One important caveat: even on-demand tables respect per-partition limits. Each partition can still only handle 3,000 RCUs and 1,000 WCUs. If you have a severe hot partition issue, on-demand mode doesn’t solve the underlying problem—you’ll still see throttling. You’d need to redesign your access pattern to distribute traffic more evenly.

Mitigation Strategy 2: Auto Scaling#

Auto scaling keeps you in provisioned mode but automates capacity adjustments based on demand. You specify a minimum and maximum capacity, and AWS automatically scales between those bounds based on actual consumption.

The AWS Application Auto Scaling service monitors your ConsumedReadCapacityUnits and ConsumedWriteCapacityUnits metrics. When consumption crosses a target utilization threshold (70% by default), auto scaling kicks in. If consumption exceeds the target, it increases capacity; if consumption drops below a lower threshold, it decreases capacity.

Auto scaling shines for predictable but growing workloads. As your application gains users, capacity grows automatically. You’re not throttled due to running out of capacity, and you’re also not over-provisioned paying for unused capacity.

The implementation involves creating a scaling policy for your table:

aws application-autoscaling register-scalable-target \
  --service-namespace dynamodb \
  --resource-id table/MyTable \
  --scalable-dimension dynamodb:table:WriteCapacityUnits \
  --min-capacity 100 \
  --max-capacity 5000

aws application-autoscaling put-scaling-policy \
  --policy-name MyTableScaling \
  --service-namespace dynamodb \
  --resource-id table/MyTable \
  --scalable-dimension dynamodb:table:WriteCapacityUnits \
  --policy-type TargetTrackingScaling \
  --target-tracking-scaling-policy-configuration \
  TargetValue=70,PredefinedMetricSpecification={PredefinedMetricType=DynamoDBWriteCapacityUtilization}

The limitation of auto scaling is its reaction time. There’s a delay between when consumption increases and when scaling occurs—typically several minutes. During sudden traffic spikes, you can still experience throttling before auto scaling adds capacity. This makes it less suitable for truly bursty or unpredictable workloads.

Mitigation Strategy 3: Adaptive Capacity#

Introduced by AWS to address the hot partition problem, adaptive capacity is a feature of DynamoDB that automatically increases capacity to hot partitions when it detects an uneven distribution of traffic.

If you have 10 partitions and one is consistently receiving more traffic than others, adaptive capacity detects this imbalance and temporarily boosts that partition’s capacity, borrowing from underutilized partitions. This is done automatically and transparently—you don’t configure anything.

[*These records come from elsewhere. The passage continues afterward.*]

lemma copies_interior:
  assumes "\<forall>x\<in>S. \<forall>i<n. 0 < x ! i \<and> x ! i < 1" "\<And>k. k < M \<Longrightarrow> var k < n"
    and "p \<in> copies N M var S" "k < N"
  shows "0 < p ! k \<and> p ! k < 1"
  using assms by (cases "k < M") (auto simp: copies_def)

locale copy_pattern =
  fixes N M n :: nat and var rep :: "nat \<Rightarrow> nat" and S :: "real list set"
  assumes M_le_N: "M \<le> N"
    and var_lt: "\<And>k. k < M \<Longrightarrow> var k < n"
    and rep_lt: "\<And>i. i < n \<Longrightarrow> rep i < M"
    and var_rep: "\<And>i. i < n \<Longrightarrow> var (rep i) = i"
    and S_lists: "S \<subseteq> {x. length x = n}"
begin

definition chart :: "real list \<Rightarrow> real list" where
  "chart p = map (\<lambda>i. p ! rep i) [0..<n] @ map (\<lambda>j. unit_to_real (p ! (M + j))) [0..<N - M]"

definition chart_inv :: "real list \<Rightarrow> real list" where
  "chart_inv z = map (\<lambda>k. z ! var k) [0..<M] @ map (\<lambda>j. real_to_unit (z ! (n + j))) [0..<N - M]"

lemma length_chart [simp]: "length (chart p) = n + (N - M)"
  by (simp add: chart_def)

lemma length_chart_inv [simp]: "length (chart_inv z) = N"
  using M_le_N by (simp add: chart_inv_def)

lemma copiesE:
  assumes "p \<in> copies N M var S"
  obtains "length p = N" "take n (chart p) \<in> S" "\<And>k. k < M \<Longrightarrow> p ! k = take n (chart p) ! var k"
    "\<And>j. j < N - M \<Longrightarrow> 0 < p ! (M + j) \<and> p ! (M + j) < 1"
proof -
  obtain x where x: "x \<in> S" "\<And>k. k < M \<Longrightarrow> p ! k = x ! var k"
    using assms by (auto simp: copies_def)
  have "take n (chart p) = x"
    using x S_lists rep_lt var_rep by (intro nth_equalityI) (auto simp: chart_def nth_append)
  then show thesis using that assms x by (auto simp: copies_def)
qed

lemma chart_in_cylinder: "p \<in> copies N M var S \<Longrightarrow> chart p \<in> cylinder S (N - M)"
proof (elim copiesE)
  assume "take n (chart p) \<in> S"
  moreover have "chart p = take n (chart p) @ drop n (chart p)" by simp
  moreover have "length (drop n (chart p)) = N - M" by simp
  ultimately show ?thesis unfolding cylinder_def by blast
qed

lemma chart_inv_in_copies:
  assumes "z \<in> cylinder S (N - M)"
  shows "chart_inv z \<in> copies N M var S"
proof -
  obtain x y where z: "z = x @ y" "x \<in> S" "length y = N - M"
    using assms by (auto simp: cylinder_def)
  have "length x = n" using z(2) S_lists by auto
  then show ?thesis
    using z var_lt M_le_N real_to_unit_gt_0 real_to_unit_lt_1
    by (auto simp: copies_def chart_inv_def nth_append intro!: bexI[of _ x])
qed

lemma chart_inv_chart: "p \<in> copies N M var S \<Longrightarrow> chart_inv (chart p) = p"
proof (elim copiesE)
  assume p: "length p = N" "\<And>k. k < M \<Longrightarrow> p ! k = take n (chart p) ! var k"
    and unit: "\<And>j. j < N - M \<Longrightarrow> 0 < p ! (M + j) \<and> p ! (M + j) < 1"
  show "chart_inv (chart p) = p"
  proof (rule nth_equalityI)
    fix k assume "k < length (chart_inv (chart p))"
    then have k: "k < N" by simp
    show "chart_inv (chart p) ! k = p ! k"
    proof (cases "k < M")
      case True
      then show ?thesis using p(2)[of k] var_lt by (simp add: chart_inv_def nth_append)
    next
      case False
      define j where "j = k - M"
      have j: "k = M + j" "j < N - M" using False k by (auto simp: j_def)
      show ?thesis
        using unit[OF j(2)] j
        by (simp add: chart_inv_def chart_def nth_append real_to_unit_unit_to_real)
    qed
  qed (simp add: p)
qed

However, adaptive capacity has limitations. It can temporarily accommodate uneven traffic patterns, but it’s not a permanent solution for fundamentally poor partition designs. If your partition key naturally creates hot partitions (like using a timestamp as your partition key), adaptive capacity will help but won’t eliminate throttling entirely. It buys you time and smooths out temporary spikes, but you should still aim to fix the underlying access pattern.

Adaptive capacity is enabled by default on all tables and requires no configuration. You can see it in action by monitoring the ConsumedReadCapacityUnits and ConsumedWriteCapacityUnits per partition in CloudWatch—you’ll notice some partitions getting more capacity than others during uneven traffic.

Mitigation Strategy 4: Exponential Backoff and Retry Logic#

Even with all the above strategies, you might still encounter occasional throttling. The AWS SDK handles this automatically, but understanding the mechanism is valuable.

When the SDK receives a ProvisionedThroughputExceededException, it doesn’t immediately return an error to your application. Instead, it automatically retries the request with exponential backoff. This means it waits a short time before retrying, and if that fails, it waits longer, then longer still, up to a maximum number of retries.

The backoff time grows exponentially: 50ms, 100ms, 200ms, 400ms, and so on, with random jitter added to prevent thundering herd problems (where many clients retry simultaneously, creating another spike). The default maximum retry count is typically 3 retries, giving the request about 10 seconds total to succeed before ultimately failing.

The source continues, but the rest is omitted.